Your task
Number of lines below with the word "that": state it and write nothing more.

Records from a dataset
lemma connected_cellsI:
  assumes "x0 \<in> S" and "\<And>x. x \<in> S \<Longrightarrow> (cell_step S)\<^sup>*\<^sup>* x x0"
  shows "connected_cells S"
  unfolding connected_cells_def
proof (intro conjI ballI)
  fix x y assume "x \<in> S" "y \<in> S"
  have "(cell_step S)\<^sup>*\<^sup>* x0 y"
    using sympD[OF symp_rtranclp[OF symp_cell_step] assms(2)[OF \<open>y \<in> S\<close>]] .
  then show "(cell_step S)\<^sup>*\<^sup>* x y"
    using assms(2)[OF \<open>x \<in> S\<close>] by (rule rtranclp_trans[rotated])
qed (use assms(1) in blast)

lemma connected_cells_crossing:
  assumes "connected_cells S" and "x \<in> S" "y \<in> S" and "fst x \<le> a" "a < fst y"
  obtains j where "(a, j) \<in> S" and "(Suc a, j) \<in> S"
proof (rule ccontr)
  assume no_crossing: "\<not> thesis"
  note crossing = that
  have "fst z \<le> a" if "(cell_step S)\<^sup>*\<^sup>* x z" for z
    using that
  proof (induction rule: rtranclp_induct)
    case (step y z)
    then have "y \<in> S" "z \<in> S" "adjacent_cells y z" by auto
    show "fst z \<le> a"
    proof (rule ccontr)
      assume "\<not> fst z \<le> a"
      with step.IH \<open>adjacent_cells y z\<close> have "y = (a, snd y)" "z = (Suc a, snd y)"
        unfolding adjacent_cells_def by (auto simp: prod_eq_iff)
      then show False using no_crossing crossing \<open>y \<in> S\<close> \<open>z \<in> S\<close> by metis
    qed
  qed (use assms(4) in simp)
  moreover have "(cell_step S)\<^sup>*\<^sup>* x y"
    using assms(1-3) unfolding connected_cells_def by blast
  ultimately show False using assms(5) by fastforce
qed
* * *
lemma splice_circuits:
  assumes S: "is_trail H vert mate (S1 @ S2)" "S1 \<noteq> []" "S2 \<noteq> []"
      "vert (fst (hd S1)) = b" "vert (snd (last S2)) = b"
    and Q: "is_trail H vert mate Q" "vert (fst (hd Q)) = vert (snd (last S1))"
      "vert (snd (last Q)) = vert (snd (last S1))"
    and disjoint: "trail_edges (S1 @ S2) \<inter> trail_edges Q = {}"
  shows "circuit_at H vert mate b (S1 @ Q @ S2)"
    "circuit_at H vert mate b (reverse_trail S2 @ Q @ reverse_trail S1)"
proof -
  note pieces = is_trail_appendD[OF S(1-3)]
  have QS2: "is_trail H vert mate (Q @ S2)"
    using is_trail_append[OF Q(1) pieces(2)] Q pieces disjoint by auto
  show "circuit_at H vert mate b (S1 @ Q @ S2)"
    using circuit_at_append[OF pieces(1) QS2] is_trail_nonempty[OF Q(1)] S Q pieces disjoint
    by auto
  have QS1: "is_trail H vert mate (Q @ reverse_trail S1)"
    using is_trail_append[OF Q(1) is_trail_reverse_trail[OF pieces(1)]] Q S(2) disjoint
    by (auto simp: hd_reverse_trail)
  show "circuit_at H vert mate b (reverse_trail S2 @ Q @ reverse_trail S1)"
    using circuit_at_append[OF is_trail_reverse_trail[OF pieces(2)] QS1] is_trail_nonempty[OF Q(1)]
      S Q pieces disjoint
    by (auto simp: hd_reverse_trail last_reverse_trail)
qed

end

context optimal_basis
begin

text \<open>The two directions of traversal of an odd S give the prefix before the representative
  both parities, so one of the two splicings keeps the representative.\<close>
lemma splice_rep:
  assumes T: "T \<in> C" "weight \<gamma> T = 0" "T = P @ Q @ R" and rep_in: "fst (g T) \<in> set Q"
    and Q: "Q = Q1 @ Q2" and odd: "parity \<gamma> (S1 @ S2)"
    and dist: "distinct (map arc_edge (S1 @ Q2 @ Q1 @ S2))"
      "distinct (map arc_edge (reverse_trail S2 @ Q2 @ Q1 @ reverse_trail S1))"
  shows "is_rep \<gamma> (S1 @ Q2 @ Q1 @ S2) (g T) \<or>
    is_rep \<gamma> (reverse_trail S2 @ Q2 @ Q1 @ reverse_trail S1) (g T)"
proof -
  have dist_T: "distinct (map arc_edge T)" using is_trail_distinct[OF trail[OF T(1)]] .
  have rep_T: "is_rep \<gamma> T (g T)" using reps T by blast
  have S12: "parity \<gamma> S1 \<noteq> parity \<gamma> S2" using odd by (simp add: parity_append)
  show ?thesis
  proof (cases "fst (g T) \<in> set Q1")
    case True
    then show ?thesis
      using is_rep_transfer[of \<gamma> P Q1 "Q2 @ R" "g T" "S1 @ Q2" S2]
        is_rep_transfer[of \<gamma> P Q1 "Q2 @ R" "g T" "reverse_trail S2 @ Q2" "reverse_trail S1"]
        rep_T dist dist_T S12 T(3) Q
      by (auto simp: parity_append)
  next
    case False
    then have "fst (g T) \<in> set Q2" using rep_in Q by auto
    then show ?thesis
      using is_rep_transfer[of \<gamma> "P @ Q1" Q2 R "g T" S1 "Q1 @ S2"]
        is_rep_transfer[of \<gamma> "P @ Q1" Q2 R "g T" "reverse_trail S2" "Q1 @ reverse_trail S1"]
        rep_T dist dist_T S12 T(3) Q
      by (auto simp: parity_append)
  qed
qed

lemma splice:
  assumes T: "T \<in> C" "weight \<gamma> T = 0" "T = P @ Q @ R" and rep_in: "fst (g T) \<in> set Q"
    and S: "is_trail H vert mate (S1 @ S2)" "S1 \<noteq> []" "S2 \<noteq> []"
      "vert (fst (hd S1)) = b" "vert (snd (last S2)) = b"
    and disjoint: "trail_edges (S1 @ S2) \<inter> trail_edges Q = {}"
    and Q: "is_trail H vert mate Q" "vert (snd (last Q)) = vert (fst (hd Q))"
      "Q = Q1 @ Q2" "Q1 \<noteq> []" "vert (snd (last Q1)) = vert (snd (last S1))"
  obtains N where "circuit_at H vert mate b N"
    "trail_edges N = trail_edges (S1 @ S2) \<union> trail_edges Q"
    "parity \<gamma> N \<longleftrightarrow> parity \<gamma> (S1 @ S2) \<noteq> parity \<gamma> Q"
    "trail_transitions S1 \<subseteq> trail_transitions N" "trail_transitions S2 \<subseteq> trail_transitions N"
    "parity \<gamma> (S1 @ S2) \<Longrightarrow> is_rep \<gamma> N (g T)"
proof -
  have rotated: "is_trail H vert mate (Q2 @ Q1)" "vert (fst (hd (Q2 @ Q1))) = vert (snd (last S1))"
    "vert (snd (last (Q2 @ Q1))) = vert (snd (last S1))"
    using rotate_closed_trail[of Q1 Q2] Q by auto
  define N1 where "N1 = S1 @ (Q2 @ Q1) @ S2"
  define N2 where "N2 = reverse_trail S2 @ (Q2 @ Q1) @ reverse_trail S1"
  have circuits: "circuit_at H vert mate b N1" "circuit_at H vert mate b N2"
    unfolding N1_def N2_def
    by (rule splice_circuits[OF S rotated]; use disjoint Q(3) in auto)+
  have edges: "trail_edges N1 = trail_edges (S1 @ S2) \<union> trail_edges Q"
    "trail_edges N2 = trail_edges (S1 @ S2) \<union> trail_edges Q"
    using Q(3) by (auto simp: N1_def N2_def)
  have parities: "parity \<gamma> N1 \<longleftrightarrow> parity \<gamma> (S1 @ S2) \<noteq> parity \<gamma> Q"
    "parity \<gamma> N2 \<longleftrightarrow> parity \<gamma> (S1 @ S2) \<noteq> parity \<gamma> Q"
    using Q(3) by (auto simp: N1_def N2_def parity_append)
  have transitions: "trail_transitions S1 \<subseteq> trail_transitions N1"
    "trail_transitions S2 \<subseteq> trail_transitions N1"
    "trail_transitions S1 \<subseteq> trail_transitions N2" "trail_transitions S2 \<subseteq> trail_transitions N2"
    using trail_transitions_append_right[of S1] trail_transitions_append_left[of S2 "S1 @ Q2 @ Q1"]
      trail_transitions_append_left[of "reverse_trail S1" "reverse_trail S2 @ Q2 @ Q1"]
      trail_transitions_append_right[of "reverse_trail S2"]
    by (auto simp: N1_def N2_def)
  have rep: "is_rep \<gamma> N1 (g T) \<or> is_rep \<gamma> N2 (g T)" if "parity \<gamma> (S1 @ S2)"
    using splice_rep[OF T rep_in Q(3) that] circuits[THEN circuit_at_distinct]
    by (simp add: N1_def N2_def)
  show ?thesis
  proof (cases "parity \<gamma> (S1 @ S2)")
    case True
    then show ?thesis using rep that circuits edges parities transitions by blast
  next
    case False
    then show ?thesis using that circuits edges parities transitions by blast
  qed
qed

Result for this task
5